-- TASK REQUIREMENTS --
Word for word, transcribe the data below from the line with "P + w (insert" to the line with "(insert k Q) = w", keeping both of those lines.

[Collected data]
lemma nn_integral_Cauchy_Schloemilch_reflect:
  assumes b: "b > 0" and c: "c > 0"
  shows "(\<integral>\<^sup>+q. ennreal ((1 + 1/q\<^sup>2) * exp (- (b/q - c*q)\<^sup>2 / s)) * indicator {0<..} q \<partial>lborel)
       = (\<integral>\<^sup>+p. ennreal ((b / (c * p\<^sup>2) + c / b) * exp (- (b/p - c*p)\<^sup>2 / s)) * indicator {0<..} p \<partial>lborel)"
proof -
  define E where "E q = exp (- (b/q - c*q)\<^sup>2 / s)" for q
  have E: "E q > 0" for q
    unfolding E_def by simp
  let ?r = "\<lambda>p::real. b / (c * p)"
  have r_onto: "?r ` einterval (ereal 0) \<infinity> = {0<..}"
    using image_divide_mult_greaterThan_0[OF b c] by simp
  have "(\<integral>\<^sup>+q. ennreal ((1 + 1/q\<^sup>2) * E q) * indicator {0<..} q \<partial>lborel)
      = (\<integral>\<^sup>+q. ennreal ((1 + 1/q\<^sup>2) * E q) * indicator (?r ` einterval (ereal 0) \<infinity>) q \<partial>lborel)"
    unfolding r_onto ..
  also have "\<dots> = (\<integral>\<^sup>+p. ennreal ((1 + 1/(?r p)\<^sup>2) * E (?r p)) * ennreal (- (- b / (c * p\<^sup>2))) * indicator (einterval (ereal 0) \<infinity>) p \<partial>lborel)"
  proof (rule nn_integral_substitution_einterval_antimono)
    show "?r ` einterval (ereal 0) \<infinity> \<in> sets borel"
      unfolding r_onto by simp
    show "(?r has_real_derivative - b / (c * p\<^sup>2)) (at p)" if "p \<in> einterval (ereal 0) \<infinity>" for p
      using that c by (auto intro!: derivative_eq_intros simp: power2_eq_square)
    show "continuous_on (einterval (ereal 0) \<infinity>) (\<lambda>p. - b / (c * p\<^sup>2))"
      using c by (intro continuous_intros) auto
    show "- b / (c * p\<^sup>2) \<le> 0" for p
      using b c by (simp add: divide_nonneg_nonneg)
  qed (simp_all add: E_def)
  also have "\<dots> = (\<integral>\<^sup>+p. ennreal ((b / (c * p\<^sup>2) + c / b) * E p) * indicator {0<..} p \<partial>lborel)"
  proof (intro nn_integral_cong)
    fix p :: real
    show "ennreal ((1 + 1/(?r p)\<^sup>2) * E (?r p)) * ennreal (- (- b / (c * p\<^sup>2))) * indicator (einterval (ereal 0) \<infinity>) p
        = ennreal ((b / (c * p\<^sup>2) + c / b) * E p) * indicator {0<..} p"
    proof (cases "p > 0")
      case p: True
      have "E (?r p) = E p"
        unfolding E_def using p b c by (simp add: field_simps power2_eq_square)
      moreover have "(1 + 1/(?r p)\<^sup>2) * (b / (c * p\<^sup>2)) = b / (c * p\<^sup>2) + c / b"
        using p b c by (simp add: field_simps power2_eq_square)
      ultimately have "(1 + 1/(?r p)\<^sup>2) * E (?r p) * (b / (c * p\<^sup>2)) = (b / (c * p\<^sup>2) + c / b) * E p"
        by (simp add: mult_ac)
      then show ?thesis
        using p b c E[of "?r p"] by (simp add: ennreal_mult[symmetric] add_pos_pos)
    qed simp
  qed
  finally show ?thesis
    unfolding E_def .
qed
--
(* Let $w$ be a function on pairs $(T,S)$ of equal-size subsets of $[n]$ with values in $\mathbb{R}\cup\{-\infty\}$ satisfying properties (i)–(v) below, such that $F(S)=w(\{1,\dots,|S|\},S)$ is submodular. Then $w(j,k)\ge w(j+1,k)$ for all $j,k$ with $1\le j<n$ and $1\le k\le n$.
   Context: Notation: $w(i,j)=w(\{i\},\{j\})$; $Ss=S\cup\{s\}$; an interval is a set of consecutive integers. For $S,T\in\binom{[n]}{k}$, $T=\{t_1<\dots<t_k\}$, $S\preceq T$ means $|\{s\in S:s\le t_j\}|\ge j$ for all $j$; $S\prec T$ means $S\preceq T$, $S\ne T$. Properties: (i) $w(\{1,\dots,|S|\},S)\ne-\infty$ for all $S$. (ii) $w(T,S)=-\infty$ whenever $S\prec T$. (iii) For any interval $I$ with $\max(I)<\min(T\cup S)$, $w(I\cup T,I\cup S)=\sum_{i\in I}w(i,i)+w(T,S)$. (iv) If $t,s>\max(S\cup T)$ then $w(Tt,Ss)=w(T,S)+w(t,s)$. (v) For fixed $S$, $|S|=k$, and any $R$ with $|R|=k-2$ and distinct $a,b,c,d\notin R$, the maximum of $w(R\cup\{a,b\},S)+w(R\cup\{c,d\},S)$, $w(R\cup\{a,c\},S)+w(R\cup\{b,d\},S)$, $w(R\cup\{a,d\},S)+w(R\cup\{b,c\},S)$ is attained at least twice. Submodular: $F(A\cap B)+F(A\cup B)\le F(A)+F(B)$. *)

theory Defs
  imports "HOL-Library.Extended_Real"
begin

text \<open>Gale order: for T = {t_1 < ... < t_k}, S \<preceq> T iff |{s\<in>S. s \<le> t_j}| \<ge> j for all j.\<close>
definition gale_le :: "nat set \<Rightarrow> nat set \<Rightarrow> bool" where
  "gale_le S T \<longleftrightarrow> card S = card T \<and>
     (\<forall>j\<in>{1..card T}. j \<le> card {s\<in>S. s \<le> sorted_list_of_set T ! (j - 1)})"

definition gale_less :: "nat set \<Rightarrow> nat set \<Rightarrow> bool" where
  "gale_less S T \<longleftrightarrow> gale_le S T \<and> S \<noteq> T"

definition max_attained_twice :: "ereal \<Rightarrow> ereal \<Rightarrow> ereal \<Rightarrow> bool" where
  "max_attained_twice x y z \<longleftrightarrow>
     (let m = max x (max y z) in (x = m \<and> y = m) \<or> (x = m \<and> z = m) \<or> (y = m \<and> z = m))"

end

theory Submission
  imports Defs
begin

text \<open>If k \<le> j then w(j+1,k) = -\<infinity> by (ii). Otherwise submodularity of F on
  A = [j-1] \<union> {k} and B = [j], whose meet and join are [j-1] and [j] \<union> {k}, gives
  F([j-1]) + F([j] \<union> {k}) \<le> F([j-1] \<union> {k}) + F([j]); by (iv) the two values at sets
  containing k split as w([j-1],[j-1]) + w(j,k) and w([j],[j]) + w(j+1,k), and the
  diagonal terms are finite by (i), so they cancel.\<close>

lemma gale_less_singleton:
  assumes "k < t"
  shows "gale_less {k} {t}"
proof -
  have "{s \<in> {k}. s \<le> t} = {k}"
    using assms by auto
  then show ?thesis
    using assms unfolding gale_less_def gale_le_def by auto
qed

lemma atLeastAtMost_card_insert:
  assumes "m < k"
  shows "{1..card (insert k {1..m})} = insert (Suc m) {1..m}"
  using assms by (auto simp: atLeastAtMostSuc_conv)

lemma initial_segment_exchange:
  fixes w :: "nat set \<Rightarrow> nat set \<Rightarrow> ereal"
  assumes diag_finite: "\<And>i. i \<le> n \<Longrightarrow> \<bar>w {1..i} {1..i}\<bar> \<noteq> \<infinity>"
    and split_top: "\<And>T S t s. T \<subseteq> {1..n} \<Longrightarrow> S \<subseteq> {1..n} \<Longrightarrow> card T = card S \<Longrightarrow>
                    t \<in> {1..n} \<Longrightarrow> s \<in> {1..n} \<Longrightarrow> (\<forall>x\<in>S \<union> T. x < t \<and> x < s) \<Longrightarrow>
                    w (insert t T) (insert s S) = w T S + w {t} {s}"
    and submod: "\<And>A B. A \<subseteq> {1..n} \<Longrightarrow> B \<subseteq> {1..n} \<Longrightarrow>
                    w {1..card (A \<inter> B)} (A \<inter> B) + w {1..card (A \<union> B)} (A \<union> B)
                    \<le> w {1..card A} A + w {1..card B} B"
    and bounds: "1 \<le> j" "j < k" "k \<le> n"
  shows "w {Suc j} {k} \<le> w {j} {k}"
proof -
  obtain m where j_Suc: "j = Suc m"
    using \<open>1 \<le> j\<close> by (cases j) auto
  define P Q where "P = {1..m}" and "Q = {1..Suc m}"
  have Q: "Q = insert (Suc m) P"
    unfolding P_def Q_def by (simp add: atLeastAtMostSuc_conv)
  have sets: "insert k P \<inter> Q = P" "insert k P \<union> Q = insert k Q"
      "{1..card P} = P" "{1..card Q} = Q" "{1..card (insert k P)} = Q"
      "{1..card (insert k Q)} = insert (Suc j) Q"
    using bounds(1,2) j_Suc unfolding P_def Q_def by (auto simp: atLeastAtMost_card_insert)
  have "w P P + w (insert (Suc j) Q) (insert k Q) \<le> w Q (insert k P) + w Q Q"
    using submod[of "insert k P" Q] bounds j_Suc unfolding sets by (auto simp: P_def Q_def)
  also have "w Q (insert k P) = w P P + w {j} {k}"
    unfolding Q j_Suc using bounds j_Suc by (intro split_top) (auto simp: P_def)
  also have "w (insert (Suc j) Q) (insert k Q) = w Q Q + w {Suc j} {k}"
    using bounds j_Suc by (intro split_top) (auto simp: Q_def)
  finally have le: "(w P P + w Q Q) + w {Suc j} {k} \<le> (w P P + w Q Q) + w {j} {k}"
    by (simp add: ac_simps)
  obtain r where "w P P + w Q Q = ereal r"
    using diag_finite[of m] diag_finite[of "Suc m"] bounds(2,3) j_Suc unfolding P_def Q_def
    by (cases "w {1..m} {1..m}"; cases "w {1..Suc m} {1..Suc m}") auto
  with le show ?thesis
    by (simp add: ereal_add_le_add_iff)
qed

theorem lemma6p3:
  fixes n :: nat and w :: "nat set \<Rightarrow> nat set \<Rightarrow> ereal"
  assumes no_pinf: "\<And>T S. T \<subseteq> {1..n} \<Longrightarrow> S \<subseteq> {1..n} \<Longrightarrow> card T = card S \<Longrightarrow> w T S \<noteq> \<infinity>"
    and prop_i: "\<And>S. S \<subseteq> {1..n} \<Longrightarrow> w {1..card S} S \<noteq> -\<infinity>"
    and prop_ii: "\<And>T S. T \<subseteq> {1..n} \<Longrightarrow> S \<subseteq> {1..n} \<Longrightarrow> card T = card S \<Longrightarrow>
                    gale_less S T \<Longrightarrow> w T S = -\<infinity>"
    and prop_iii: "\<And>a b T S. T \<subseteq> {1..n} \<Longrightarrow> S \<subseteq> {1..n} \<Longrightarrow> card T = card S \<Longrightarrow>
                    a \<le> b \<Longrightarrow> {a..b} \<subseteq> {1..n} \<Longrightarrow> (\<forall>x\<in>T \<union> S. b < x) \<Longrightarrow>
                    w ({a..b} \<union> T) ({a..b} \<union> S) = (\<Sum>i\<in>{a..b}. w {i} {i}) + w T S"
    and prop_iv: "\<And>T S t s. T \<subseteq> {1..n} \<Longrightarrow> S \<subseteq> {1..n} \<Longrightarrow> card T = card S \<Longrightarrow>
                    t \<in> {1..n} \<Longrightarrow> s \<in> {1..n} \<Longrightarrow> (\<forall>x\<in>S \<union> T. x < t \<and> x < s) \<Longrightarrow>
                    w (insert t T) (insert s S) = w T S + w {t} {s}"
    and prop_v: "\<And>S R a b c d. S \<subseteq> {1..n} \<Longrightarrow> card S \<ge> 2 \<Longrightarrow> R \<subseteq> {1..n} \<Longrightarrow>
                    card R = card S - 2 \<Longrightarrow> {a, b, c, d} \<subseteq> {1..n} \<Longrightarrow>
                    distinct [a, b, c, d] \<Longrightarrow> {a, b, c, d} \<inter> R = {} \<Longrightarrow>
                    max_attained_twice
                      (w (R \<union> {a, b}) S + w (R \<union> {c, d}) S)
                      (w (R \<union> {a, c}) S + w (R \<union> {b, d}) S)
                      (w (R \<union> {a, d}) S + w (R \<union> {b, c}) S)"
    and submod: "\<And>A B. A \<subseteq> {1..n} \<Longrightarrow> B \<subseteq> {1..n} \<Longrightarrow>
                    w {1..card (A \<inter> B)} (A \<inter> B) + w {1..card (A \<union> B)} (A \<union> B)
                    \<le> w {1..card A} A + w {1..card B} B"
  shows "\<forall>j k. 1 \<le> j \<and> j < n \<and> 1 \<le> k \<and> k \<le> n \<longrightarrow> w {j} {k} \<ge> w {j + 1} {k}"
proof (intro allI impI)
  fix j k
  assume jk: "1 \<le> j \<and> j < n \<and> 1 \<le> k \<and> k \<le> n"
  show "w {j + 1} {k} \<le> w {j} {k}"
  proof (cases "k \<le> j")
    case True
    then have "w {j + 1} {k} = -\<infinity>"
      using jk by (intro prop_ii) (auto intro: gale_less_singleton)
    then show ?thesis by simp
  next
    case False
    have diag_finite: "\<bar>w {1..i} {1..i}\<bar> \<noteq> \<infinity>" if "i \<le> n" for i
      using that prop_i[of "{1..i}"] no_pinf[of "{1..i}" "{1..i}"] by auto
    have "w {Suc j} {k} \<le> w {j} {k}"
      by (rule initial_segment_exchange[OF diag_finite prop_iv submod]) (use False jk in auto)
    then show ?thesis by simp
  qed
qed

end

-- TASK RESULT --
  have "w P P + w (insert (Suc j) Q) (insert k Q) \<le> w Q (insert k P) + w Q Q"
    using submod[of "insert k P" Q] bounds j_Suc unfolding sets by (auto simp: P_def Q_def)
  also have "w Q (insert k P) = w P P + w {j} {k}"
    unfolding Q j_Suc using bounds j_Suc by (intro split_top) (auto simp: P_def)
  also have "w (insert (Suc j) Q) (insert k Q) = w Q Q + w {Suc j} {k}"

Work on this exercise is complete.